B/R Offers exciting outlook for Grizzlies 2024-25 championship aspirations
By Mark Nilon
The Memphis Grizzlies are heading into the 2024-25 season with redemption on their mind.
After rattling off two consecutive second-seed, 50-plus win seasons and seeing three-straight playoff excursions, coach Taylor Jenkins' ball club ran into an injury-plagued, suspension-riddled wall of a 2023-24 campaign that saw them end up with the seventh-worst record in the league.
With this 82-game nightmare well in the rearview, the main mission for Memphis moving forward is all about reestablishing themselves as a legitimate threat in the highly competitive Western Conference.
Based on recent rumblings and chatter among fans and pundits alike, it appears hope of the Grizzlies being thrust back into the upper echelon of the league's elites is very much alive, and, in a recent piece penned by Bleacher Report's Zach Buckley, merely claiming a top-eight spot and re-entering the playoff picture is just the start for this ball club.
Grizzlies have third-best odds of winning Finals among zero-title teams
As things currently stand, only 10 teams in the league have yet to win an NBA Championship.
Of course, there's a clear hierarchy among these historically hapless organizations when it comes to their chances of winning the illustrious Larry O'Brien Trophy at some point in the near future, with Buckley highlighting that they "can be found at all levels of the Association."
The Grizzlies, as most are likely already aware, are unfortunately a part of this winless index, though the odds of them pushing over the proverbial hump toward glory is better than the vast majority of the nine others involved, and the seasoned B/R writer has them boasting the third-highest level of potential to do so over the coming years.
To Buckley, their standing on this list feels "either a pinch ambitious or perhaps an undersell." With the bitter taste of their 27-win season still fresh in everyone's mouth, pegging them as a legitimate championship threat with one year of separation may seem a bit too overzealous.
That said, what must be remembered is the fact that their stark decline was primarily a result of lacking health, or, in other words, things out of their control.
Assuming they can stave off the injury bug and, in turn, get their core trio of Ja Morant, Jaren Jackson Jr., and Desmond Bane back together, it's all but certain that blindingly bright days will be ahead.
Let's not forget that they were the driving forces in accumulating a whopping 107 regular season wins from 2021-22 to 2022-23, clinching just the fourth semifinals berth in franchise history, and, as noted by Buckley, "had a comically high plus-12.7 net rating over 444 minutes in 2022-23."

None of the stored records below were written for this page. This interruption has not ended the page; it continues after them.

(* Under Assumption 1, $\lim_{\nu\to\infty}T^\nu=\frac1N\mathbf{1}_N\mathbf{1}_N^\top$, $\lim_{\nu\to\infty}A_\nu=A_\infty$, and $\lim_{\nu\to\infty}F_\nu(x)=F_\infty(x)$ uniformly in $x\in\mathcal{X}$. Moreover the operators $F_\nu$ are bounded on $\mathcal{X}$, uniformly in $\nu$.
   Context: Let $N,n,m$ be positive integers; for $i\in\{1,\dots,N\}$, $\mathcal{X}^i\subset\mathbb{R}^n$ is convex, compact with non-empty interior; $\mathcal{X}=\mathcal{X}^1\times\dots\times\mathcal{X}^N$, $x=[x^1;\dots;x^N]$. Costs $J^i(z_1,z_2):\mathcal{X}^i\times\mathrm{conv}(\mathcal{X}^1,\dots,\mathcal{X}^N)\to\mathbb{R}$ are continuously differentiable in $(z_1,z_2)$, with $x^i\mapsto J^i(x^i,\frac1N\sum_jx^j)$ convex for each fixed $x^{-i}$. $\hat A\in\mathbb{R}^{m\times n}$. $T\in[0,1]^{N\times N}$. Define $\sigma_\infty(x)=\frac1N\sum_jx^j$, $\sigma^i_\nu(x)=\sum_j[T^\nu]_{ij}x^j$, $A_\nu=T^\nu\otimes\hat A$, $A_\infty=\frac1N\mathbf{1}_N\mathbf{1}_N^\top\otimes\hat A$, $F_\infty(x)=[\nabla_{z_1}J^i(x^i,\sigma_\infty(x))+\frac1N\nabla_{z_2}J^i(x^i,\sigma_\infty(x))]_{i=1}^N$, $F_\nu(x)=[\nabla_{z_1}J^i(x^i,\sigma^i_\nu(x))+[T^\nu]_{ii}\nabla_{z_2}J^i(x^i,\sigma^i_\nu(x))]_{i=1}^N$. Assumption 1: $T$ is primitive (some power has all entries positive) and doubly stochastic. *)

theory Defs
  imports "HOL-Analysis.Analysis"
begin

primrec matpow :: "real^'n^'n \<Rightarrow> nat \<Rightarrow> real^'n^'n" where
  "matpow A 0 = mat 1"
| "matpow A (Suc k) = A ** matpow A k"

definition kron :: "real^'N^'N \<Rightarrow> real^'n^'m \<Rightarrow> real^('N \<times> 'n)^('N \<times> 'm)" where
  "kron M B = (\<chi> r. \<chi> c. M $ fst r $ fst c * B $ snd r $ snd c)"

definition avg_mat :: "real^'N::finite^'N" where
  "avg_mat = (\<chi> i j. 1 / real CARD('N))"

definition primitive :: "real^'N^'N \<Rightarrow> bool" where
  "primitive T \<longleftrightarrow> (\<exists>k. \<forall>i j. matpow T k $ i $ j > 0)"

definition doubly_stochastic :: "real^'N^'N \<Rightarrow> bool" where
  "doubly_stochastic T \<longleftrightarrow> (\<forall>i j. T $ i $ j \<ge> 0)
     \<and> (\<forall>i. (\<Sum>j\<in>UNIV. T $ i $ j) = 1) \<and> (\<forall>j. (\<Sum>i\<in>UNIV. T $ i $ j) = 1)"

definition A_nu :: "real^'N^'N \<Rightarrow> real^'n^'m \<Rightarrow> nat \<Rightarrow> real^('N \<times> 'n)^('N \<times> 'm)" where
  "A_nu T Ahat \<nu> = kron (matpow T \<nu>) Ahat"

definition A_inf :: "real^'n^'m \<Rightarrow> real^('N::finite \<times> 'n)^('N \<times> 'm)" where
  "A_inf Ahat = kron (avg_mat :: real^'N^'N) Ahat"

text \<open>Stacked decision vector x = [x^1;...;x^N] is represented as x :: real^'n^'N, with x $ j = x^j.\<close>
definition sigma_inf :: "real^'n^'N::finite \<Rightarrow> real^'n" where
  "sigma_inf x = (1 / real CARD('N)) *\<^sub>R (\<Sum>j\<in>UNIV. x $ j)"

definition sigma_nu :: "real^'N::finite^'N \<Rightarrow> nat \<Rightarrow> real^'n^'N \<Rightarrow> 'N \<Rightarrow> real^'n" where
  "sigma_nu T \<nu> x i = (\<Sum>j\<in>UNIV. matpow T \<nu> $ i $ j *\<^sub>R x $ j)"

text \<open>g1 i z1 z2 and g2 i z1 z2 are the partial gradients of J^i w.r.t. z1 and z2.\<close>
definition F_inf :: "('N::finite \<Rightarrow> real^'n \<Rightarrow> real^'n \<Rightarrow> real^'n) \<Rightarrow> ('N \<Rightarrow> real^'n \<Rightarrow> real^'n \<Rightarrow> real^'n)
    \<Rightarrow> real^'n^'N \<Rightarrow> real^'n^'N" where
  "F_inf g1 g2 x = (\<chi> i. g1 i (x $ i) (sigma_inf x) + (1 / real CARD('N)) *\<^sub>R g2 i (x $ i) (sigma_inf x))"

definition F_nu :: "('N::finite \<Rightarrow> real^'n \<Rightarrow> real^'n \<Rightarrow> real^'n) \<Rightarrow> ('N \<Rightarrow> real^'n \<Rightarrow> real^'n \<Rightarrow> real^'n)
    \<Rightarrow> real^'N^'N \<Rightarrow> nat \<Rightarrow> real^'n^'N \<Rightarrow> real^'n^'N" where
  "F_nu g1 g2 T \<nu> x = (\<chi> i. g1 i (x $ i) (sigma_nu T \<nu> x i)
      + (matpow T \<nu> $ i $ i) *\<^sub>R g2 i (x $ i) (sigma_nu T \<nu> x i))"

end

theory Submission
  imports Defs
begin

text \<open>Multiplying by a row-stochastic matrix never increases the oscillation (maximum minus
  minimum) of a column, and multiplying by a row-stochastic matrix all of whose entries are at
  least \<open>\<delta>\<close> shrinks it by the factor \<open>1 - 2\<delta>\<close>. For primitive \<open>T\<close> some power \<open>T\<^sup>K\<close>
  is such a matrix, so the column oscillations of \<open>T\<^sup>\<nu>\<close> decay geometrically; as the columns of
  the doubly stochastic \<open>T\<^sup>\<nu>\<close> sum to 1, every entry is within that oscillation of \<open>1/N\<close>.
  The aggregates \<open>\<sigma>\<^sup>i\<^sub>\<nu>\<close> are convex combinations of the \<open>x\<^sup>j\<close>, so they stay in the
  compact convex hull of the \<open>X\<^sup>j\<close>, where the gradients are uniformly continuous and
  bounded; this turns the convergence of the coefficients into uniform convergence and uniform
  boundedness of \<open>F\<^sub>\<nu>\<close>.\<close>

definition row_stochastic :: "real^'c^'r \<Rightarrow> bool" where
  "row_stochastic A \<longleftrightarrow> (\<forall>i j. 0 \<le> A $ i $ j) \<and> (\<forall>i. (\<Sum>j\<in>UNIV. A $ i $ j) = 1)"

definition column_stochastic :: "real^'c^'r \<Rightarrow> bool" where
  "column_stochastic A \<longleftrightarrow> (\<forall>j. (\<Sum>i\<in>UNIV. A $ i $ j) = 1)"

lemma doubly_stochastic_iff:
  "doubly_stochastic T \<longleftrightarrow> row_stochastic T \<and> column_stochastic T"
  by (auto simp: doubly_stochastic_def row_stochastic_def column_stochastic_def)

lemma matpow_add: "matpow A (m + n) = matpow A m ** matpow A n"
  by (induction m) (simp_all add: matrix_mul_assoc)

lemma row_stochastic_mult:
  assumes "row_stochastic A" "row_stochastic B"
  shows "row_stochastic (A ** B)"
proof -
  have "(\<Sum>j\<in>UNIV. (A ** B) $ i $ j) = 1" for i
  proof -
    have "(\<Sum>j\<in>UNIV. (A ** B) $ i $ j) = (\<Sum>j\<in>UNIV. \<Sum>k\<in>UNIV. A $ i $ k * B $ k $ j)"
      by (simp add: matrix_matrix_mult_def)
    also have "\<dots> = (\<Sum>k\<in>UNIV. A $ i $ k * (\<Sum>j\<in>UNIV. B $ k $ j))"
      by (subst sum.swap) (simp add: sum_distrib_left)
    also have "\<dots> = 1" using assms by (simp add: row_stochastic_def)
    finally show ?thesis .
  qed
  moreover have "0 \<le> (A ** B) $ i $ j" for i j
    using assms unfolding row_stochastic_def matrix_matrix_mult_def by (auto intro!: sum_nonneg)
  ultimately show ?thesis by (simp add: row_stochastic_def)
qed

lemma column_stochastic_mult:
  assumes "column_stochastic A" "column_stochastic B"
  shows "column_stochastic (A ** B)"
proof -
  have "(\<Sum>i\<in>UNIV. (A ** B) $ i $ j) = 1" for j
  proof -
    have "(\<Sum>i\<in>UNIV. (A ** B) $ i $ j) = (\<Sum>i\<in>UNIV. \<Sum>k\<in>UNIV. A $ i $ k * B $ k $ j)"
      by (simp add: matrix_matrix_mult_def)
    also have "\<dots> = (\<Sum>k\<in>UNIV. (\<Sum>i\<in>UNIV. A $ i $ k) * B $ k $ j)"
      by (subst sum.swap) (simp add: sum_distrib_right)
    also have "\<dots> = 1" using assms by (simp add: column_stochastic_def)
    finally show ?thesis .
  qed
  then show ?thesis by (simp add: column_stochastic_def)
qed

lemma row_stochastic_mat_1: "row_stochastic (mat 1)"
  by (simp add: row_stochastic_def mat_def if_distrib cong: if_cong)

lemma column_stochastic_mat_1: "column_stochastic (mat 1)"
  by (simp add: column_stochastic_def mat_def if_distrib cong: if_cong)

On top of this, these three are finally slated to get a full year's run alongside the likes of ascending sophomore stud GG Jackson, behemoth lottery-selected center Zach Edey, and the win-now attributes that Marcus Smart has only proven capable of providing to a contender.
Though having the Grizzlies ranked third on Buckley's list could be argued as being "ambitious," who, when fully intact and healthy, would realistically usurp them?
The Orlando Magic (No. 4), who have made the playoffs just once since the 2020 Lake Buena Vista bubble and haven't advanced beyond the first round since 2010? The LA Clippers (No.7), who, yes still have Kawhi Leonard and James Harden in tow, but boasts a core that is always injured, on the wrong side of 30 years old, and just lost their second-best player in Paul George this summer?
Outside of the top-ranked Minnesota Timberwolves, there's an argument to be made that a full-go Grizzlies team is without question has the best chance of adding their first championship banner to the rafters than any other title-less organizations -- and yes, this includes the talented, albeit oddly constructed Phoenix Suns who rank second.
Hopefully, the team will bounce back in a big way this coming year and remind the rest of the league that before the OKC Thunder took over the moniker of the most promising young team in the NBA, the Grizzlies were the ones seen in such a light.